Note: Databases don’t restrict the complexity of the SELECT queries used with UNION. The data retrieval queries can include JOIN statements, aggregations or subqueries. Often, UNION is used to merge results from complex statements. For educational purposes, the examples in this guide will use SELECT queries to focus on how the UNION operator behaves.

The following example shows the general syntax of an SQL statement that includes a UNION operator:

  1. SELECT column1, column2 FROM table1
  2. UNION
  3. SELECT column1, column2 FROM table2;

This SQL fragment begins with a SELECT statement that returns two columns from table1, followed by the UNION operator and a second SELECT statement. The second SELECT query also returns two columns, but from table2. The UNION keyword tells the database to take the preceding and following queries, execute them separately, and then join their result sets into one. The whole code fragment, including both SELECT queries and the UNION keyword between them, is a single SQL statement. Because of that, the first SELECT query does not end with a semicolon, which appears only after the whole statement.

As an example, assume you want to list all customers who have either purchased or leased a book. The records for purchases are held in the book_purchases table, whereas leases are stored in the book_leases table. Run the following query:

  1. SELECT customer_name FROM book_purchases
  2. UNION
  3. SELECT customer_name FROM book_leases;

Here is this query’s result set:

Output
+---------------+ | customer_name | +---------------+ | sammy | | bill | | walt | | kim | +---------------+ 4 rows in set (0.000 sec)

This output indicates that Sammy, Bill, Walt, and Kim either purchased or leased books at some point in time.

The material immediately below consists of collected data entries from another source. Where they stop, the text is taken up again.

lemma grid_strip_subset_slab:
  assumes "0 < M" "0 \<le> d"
  shows "grid_strip M v d
           \<subseteq> {p\<in>square_grid M. \<bar>v $ 1 * of_int (fst p) + v $ 2 * of_int (snd p) + v $ 3 * M\<bar> \<le> 2 * d * M}"
proof
  fix p assume "p \<in> grid_strip M v d"
  then have p: "p \<in> square_grid M" "\<bar>v \<bullet> sgn (lift M p)\<bar> \<le> d"
    by (simp_all add: grid_strip_def)
  have "v \<bullet> lift M p = norm (lift M p) * (v \<bullet> sgn (lift M p))"
    using lift_nonzero[OF assms(1)] by (simp add: sgn_div_norm)
  then have "\<bar>v \<bullet> lift M p\<bar> \<le> 2 * M * d"
    using p norm_lift_le[of p M] assms(2) by (simp add: abs_mult mult_mono)
  moreover have "v \<bullet> lift M p = v $ 1 * of_int (fst p) + v $ 2 * of_int (snd p) + v $ 3 * M"
    by (simp add: inner_real3)
  ultimately show "p \<in> {p\<in>square_grid M. \<bar>v $ 1 * of_int (fst p) + v $ 2 * of_int (snd p) + v $ 3 * M\<bar> \<le> 2 * d * M}"
    using p by (simp add: mult_ac)
qed

lemma card_grid_strip_le:
  fixes v :: "real^3"
  assumes v: "norm v = 1" and M: "0 < M" and d: "0 \<le> d" "d \<le> 1/8"
  shows "real (card (grid_strip M v d)) \<le> (2 * real M + 1) * (16 * d * M + 1)"
proof -
  let ?L = "{p\<in>square_grid M. \<bar>v $ 1 * of_int (fst p) + v $ 2 * of_int (snd p) + v $ 3 * M\<bar> \<le> 2 * d * M}"
  have "real (card (grid_strip M v d)) \<le> real (card ?L)"
    using grid_strip_subset_slab[OF M d(1)] by (intro of_nat_mono card_mono) simp_all
  also have "\<dots> \<le> (2 * real M + 1) * (16 * d * M + 1)"
  proof (cases "1/4 \<le> \<bar>v $ 1\<bar> \<or> 1/4 \<le> \<bar>v $ 2\<bar>")
    case True
    then show ?thesis
      using card_square_grid_slab_le[OF True, of "2 * d * M" M "v $ 3 * M"] d by (simp add: mult.assoc)
  next
    case False
    \<comment> \<open>v is then nearly vertical and the plane at height M misses the slab\<close>
    have "(v $ 1)^2 \<le> (1/4)^2" "(v $ 2)^2 \<le> (1/4)^2"
      using False abs_le_square_iff[of "v $ 1" "1/4"] abs_le_square_iff[of "v $ 2" "1/4"] by simp_all
    then have "(v $ 3)^2 > (3/4)^2"
      using v norm_real3_square[of v] by (simp add: power2_eq_square)
    then have "3/4 < \<bar>v $ 3\<bar>"
      using power2_less_imp_less[of "3/4" "\<bar>v $ 3\<bar>"] by simp
    then have v3: "3/4 * M < \<bar>v $ 3 * M\<bar>"
      using M by (simp add: abs_mult)
    have empty: "?L = {}"
    proof (rule ccontr)
      assume "?L \<noteq> {}"
      then obtain a b where ab: "(a, b) \<in> square_grid M"
        "\<bar>v $ 1 * of_int a + v $ 2 * of_int b + v $ 3 * M\<bar> \<le> 2 * d * M"
        by auto
      have "\<bar>of_int a\<bar> \<le> real M" "\<bar>of_int b\<bar> \<le> real M"
        using ab(1) by (auto simp: square_grid_def abs_le_iff)
      then have "\<bar>v $ 1 * of_int a\<bar> \<le> 1/4 * M" "\<bar>v $ 2 * of_int b\<bar> \<le> 1/4 * M"
        using False unfolding abs_mult by (auto intro: mult_mono[of _ "1/4" _ "real M", simplified])
      moreover have "2 * d * M \<le> 1/4 * M"
        using mult_right_mono[OF d(2), of "2 * real M"] by simp
      ultimately show False
        using ab(2) v3 by linarith
    qed
    show ?thesis
      unfolding empty using d by simp
  qed
  finally show ?thesis .
qed

lemma grid_strip_subset:
  assumes "0 < M" "dist v w \<le> e"
  shows "grid_strip M v d \<subseteq> grid_strip M w (d + e)"
proof
  fix p assume "p \<in> grid_strip M v d"
  then have p: "p \<in> square_grid M" "\<bar>v \<bullet> sgn (lift M p)\<bar> \<le> d"
    by (simp_all add: grid_strip_def)
  have "\<bar>(w - v) \<bullet> sgn (lift M p)\<bar> \<le> norm (w - v) * norm (sgn (lift M p))"
    by (rule Cauchy_Schwarz_ineq2)
  also have "\<dots> \<le> e"
    using assms lift_nonzero[OF assms(1)] by (simp add: norm_sgn dist_norm norm_minus_commute)
  finally show "p \<in> grid_strip M w (d + e)"
    using p by (simp add: grid_strip_def inner_diff_left)
qed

To understand how this result set was generated, try executing the two SELECT statements separately: once for the purchases and once for the leases.

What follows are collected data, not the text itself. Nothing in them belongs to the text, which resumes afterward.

lemma nzr_dir_iff:
  assumes "\<forall>r\<in>qrel Q. length r \<ge> 2"
  shows "no_zero_rel Q (dir p) \<longleftrightarrow> \<not> in_I Q p"
proof
  assume "no_zero_rel Q (dir p)"
  then have "\<not> ((\<forall>l\<in>set (dir p). snd l) \<and> in_I Q (map fst (dir p)))"
    unfolding no_zero_rel_def by blast
  then show "\<not> in_I Q p" using set_dir_snd by auto
next
  assume n: "\<not> in_I Q p"
  show "no_zero_rel Q (dir p)" unfolding no_zero_rel_def
  proof (intro allI impI conjI)
    fix u assume s: "sublist u (dir p)"
    then have "sublist (map fst u) p"
      using map_mono_sublist[OF s, of fst] by simp
    then show "\<not> ((\<forall>l\<in>set u. snd l) \<and> in_I Q (map fst u))"
      using n unfolding in_I_def by (meson sublist_order.order.trans)
    show "\<not> ((\<forall>l\<in>set u. \<not> snd l) \<and> in_I Q (rev (map fst u)))"
    proof
      assume a: "(\<forall>l\<in>set u. \<not> snd l) \<and> in_I Q (rev (map fst u))"
      have "set u \<subseteq> set (dir p)" using s by (rule set_mono_sublist)
      then have "\<forall>l\<in>set u. snd l" using set_dir_snd by blast
      with a have "u = []" by (cases u) auto
      with a in_I_Nil[OF assms] show False by simp
    qed
  qed
qed

lemma suffix_short:
  assumes "suffix u (xs @ ys)" "length u \<le> length ys" shows "suffix u ys"
proof -
  from assms(1) have "suffix u ys \<or> (\<exists>xs'. u = xs' @ ys \<and> suffix xs' xs)"
    by (simp add: suffix_append)
  then show ?thesis
  proof
    assume "\<exists>xs'. u = xs' @ ys \<and> suffix xs' xs"
    then obtain xs' where "u = xs' @ ys" by blast
    with assms(2) have "u = ys" by simp
    then show ?thesis by simp
  qed
qed

text \<open>Appending a letter creates no zero relation if the new suffixes are either covered by a
  word known to be free of relations or contain letters of both directions.\<close>

lemma nzr_snoc:
  assumes "no_zero_rel Q xs" "no_zero_rel Q ys" "xs @ [l] = zs @ c # ys" "snd c \<noteq> snd l"
  shows "no_zero_rel Q (xs @ [l])"
  unfolding no_zero_rel_def
proof (intro allI impI)
  fix u assume "sublist u (xs @ [l])"
  then have "suffix u (xs @ [l]) \<or> sublist u xs" by (simp add: sublist_snoc)
  then show "\<not> ((\<forall>l\<in>set u. snd l) \<and> in_I Q (map fst u)) \<and>
          \<not> ((\<forall>l\<in>set u. \<not> snd l) \<and> in_I Q (rev (map fst u)))"
  proof
    assume "sublist u xs" then show ?thesis using assms(1) unfolding no_zero_rel_def by blast
  next
    assume su: "suffix u (xs @ [l])"
    have su2: "suffix u ((zs @ [c]) @ ys)" using su assms(3) by simp
    show ?thesis
    proof (cases "length u \<le> length ys")
      case True
      then have "suffix u ys" using su2 suffix_short by blast
      then show ?thesis using assms(2) unfolding no_zero_rel_def by blast
    next
      case False
      have "suffix u ys \<or> (\<exists>xs'. u = xs' @ ys \<and> suffix xs' (zs @ [c]))"
        using su2 suffix_append[of u "zs @ [c]" ys] by blast
      with False obtain xs' where xs': "u = xs' @ ys" "suffix xs' (zs @ [c])"
        using suffix_length_le by fastforce
      with False have "xs' \<noteq> []" by auto
      with xs' have "last xs' = c" by (auto simp: suffix_def) (metis last_appendR last_snoc)
      with \<open>xs' \<noteq> []\<close> xs' have "c \<in> set u" by auto
      moreover have "l \<in> set u"
      proof -
        from False have "u \<noteq> []" by auto
        with su obtain v where "xs @ [l] = v @ u" by (auto simp: suffix_def)
        then have "last u = l" using \<open>u \<noteq> []\<close> by (metis last_appendR last_snoc)
        with \<open>u \<noteq> []\<close> show ?thesis by auto
      qed
      ultimately show ?thesis using assms(4) by auto
    qed
  qed
qed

Run the following query to return the customers who purchased books:

  1. SELECT customer_name FROM book_purchases;

The following output will print to the screen:

Output
+---------------+ | customer_name | +---------------+ | sammy | | sammy | | sammy | | bill | | bill | | walt | | walt | | walt | +---------------+ 8 rows in set (0.000 sec)

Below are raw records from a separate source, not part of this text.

(* Let $\alpha\in[0,1)$ and let $$X(\sqrt{t},\alpha)=\{\sqrt{n}\,e^{2\pi i n\alpha}\ :\ n\in\mathbb{N}\}\subset\mathbb{C}.$$ The following four statements are equivalent: (a) $X(\sqrt{t},\alpha)$ is relatively dense; (b) $X(\sqrt{t},\alpha)$ is uniformly discrete; (c) $X(\sqrt{t},\alpha)$ is a Delone set; (d) $\alpha$ is badly approximable.
   Context: $\mathbb{C}$ is identified with $\mathbb{R}^2$, and $B(x,r)$ denotes the open disk of radius $r$ centered at $x$. A set $X\subset\mathbb{C}$ is $r$-relatively dense if $B(x,r)\cap X\neq\emptyset$ for every $x\in\mathbb{C}$, and relatively dense if it is $r$-relatively dense for some $r>0$. It is $s$-uniformly discrete if $\mathrm{Card}(B(x,s)\cap X)\le 1$ for every $x\in\mathbb{C}$, and uniformly discrete if this holds for some $s>0$. A Delone set is a set that is both relatively dense and uniformly discrete. A real number $\alpha$ is badly approximable if there is a constant $C>0$ with $q|q\alpha-p|\ge C$ for all $(p,q)\in\mathbb{Z}\times\mathbb{N}$. *)

theory Defs
  imports "HOL-Analysis.Analysis"
begin

definition rel_dense_r :: "real \<Rightarrow> complex set \<Rightarrow> bool" where
  "rel_dense_r r X \<longleftrightarrow> (\<forall>x::complex. ball x r \<inter> X \<noteq> {})"

definition rel_dense :: "complex set \<Rightarrow> bool" where
  "rel_dense X \<longleftrightarrow> (\<exists>r>0. rel_dense_r r X)"

definition unif_discrete_s :: "real \<Rightarrow> complex set \<Rightarrow> bool" where
  "unif_discrete_s s X \<longleftrightarrow> (\<forall>x::complex. card (ball x s \<inter> X) \<le> 1 \<and> finite (ball x s \<inter> X))"

definition unif_discrete :: "complex set \<Rightarrow> bool" where
  "unif_discrete X \<longleftrightarrow> (\<exists>s>0. unif_discrete_s s X)"

definition delone :: "complex set \<Rightarrow> bool" where
  "delone X \<longleftrightarrow> rel_dense X \<and> unif_discrete X"

definition badly_approximable :: "real \<Rightarrow> bool" where
  "badly_approximable \<alpha> \<longleftrightarrow>
     (\<exists>C>0. \<forall>(p::int) (q::nat). q \<ge> 1 \<longrightarrow> real q * \<bar>real q * \<alpha> - real_of_int p\<bar> \<ge> C)"

definition sqrt_spiral :: "real \<Rightarrow> complex set" where
  "sqrt_spiral \<alpha> = {complex_of_real (sqrt (real n)) * exp (2 * complex_of_real pi * \<i> * of_nat n * complex_of_real \<alpha>) | n::nat. n \<ge> 1}"

end

theory Submission
  imports Defs "HOL-Analysis.Kronecker_Approximation_Theorem"
begin

(* Write P n = sqrt n * e(n alpha) with e(x) = exp(2 pi i x). For m = n + q the points P m and
   P n differ radially by about q / (2 sqrt n) and angularly by about sqrt n * ||q alpha||.
   If q ||q alpha|| >= C for all q, one of these two gaps is at least min(1/4, C), so the spiral
   is uniformly discrete. For relative density, take a target point of modulus rho, a Dirichlet
   denominator k <= rho (so k >= C rho) and the k consecutive indices n >= rho^2: they stay
   within distance 1 of the circle of radius rho, and their angles n alpha are 1/k-dense mod 1.
   Conversely, if q ||q alpha|| is tiny then P(q^2 k) and P(q^2 k + q) are arbitrarily close,
   and near the circle of radius 4 r q the angles n alpha cluster around the multiples of 1/q,
   leaving an empty disc of radius r around the point at the midpoint angle. *)

lemma sin_ge_third:
  fixes x :: real
  assumes "0 \<le> x" "x \<le> 2"
  shows "x / 3 \<le> sin x"
proof -
  have "\<bar>sin x - (\<Sum>m<3. sin_coeff m * x ^ m)\<bar> \<le> inverse (fact 3) * \<bar>x\<bar> ^ 3"
    by (rule Maclaurin_sin_bound)
  moreover have "(\<Sum>m<3. sin_coeff m * x ^ m) = x"
    by (simp add: numeral_3_eq_3 sin_coeff_Suc cos_coeff_def)
  moreover have "inverse (fact 3 :: real) = 1/6"
    by (simp add: numeral_3_eq_3)
  ultimately have taylor: "\<bar>sin x - x\<bar> \<le> x ^ 3 / 6"
    using assms by simp
  have "x * x\<^sup>2 \<le> x * 2\<^sup>2"
    using assms by (intro mult_left_mono power_mono) auto
  then have "x ^ 3 \<le> 4 * x"
    by (simp add: power3_eq_cube power2_eq_square mult_ac)
  with taylor show ?thesis
    by linarith
qed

Sammy, Bill, and Walt purchased books, but Kim hasn’t.

Next, run the query to return the customers who leased books:

  1. SELECT customer_name FROM book_leases;

The following output will print to the screen:

Output
+---------------+ | customer_name | +---------------+ | sammy | | sammy | | sammy | | bill | | bill | | kim | | kim | | kim | +---------------+ 8 rows in set (0.000 sec)

The leases table refers to Sammy, Bill, and Kim, but Walt never borrows books. By combining the two answers, you get the data for both leases and purchases.

The important difference between using UNION and executing two queries separately is that UNION removes duplicate values, in addition to merging the results: none of the customer names are repeated in the result.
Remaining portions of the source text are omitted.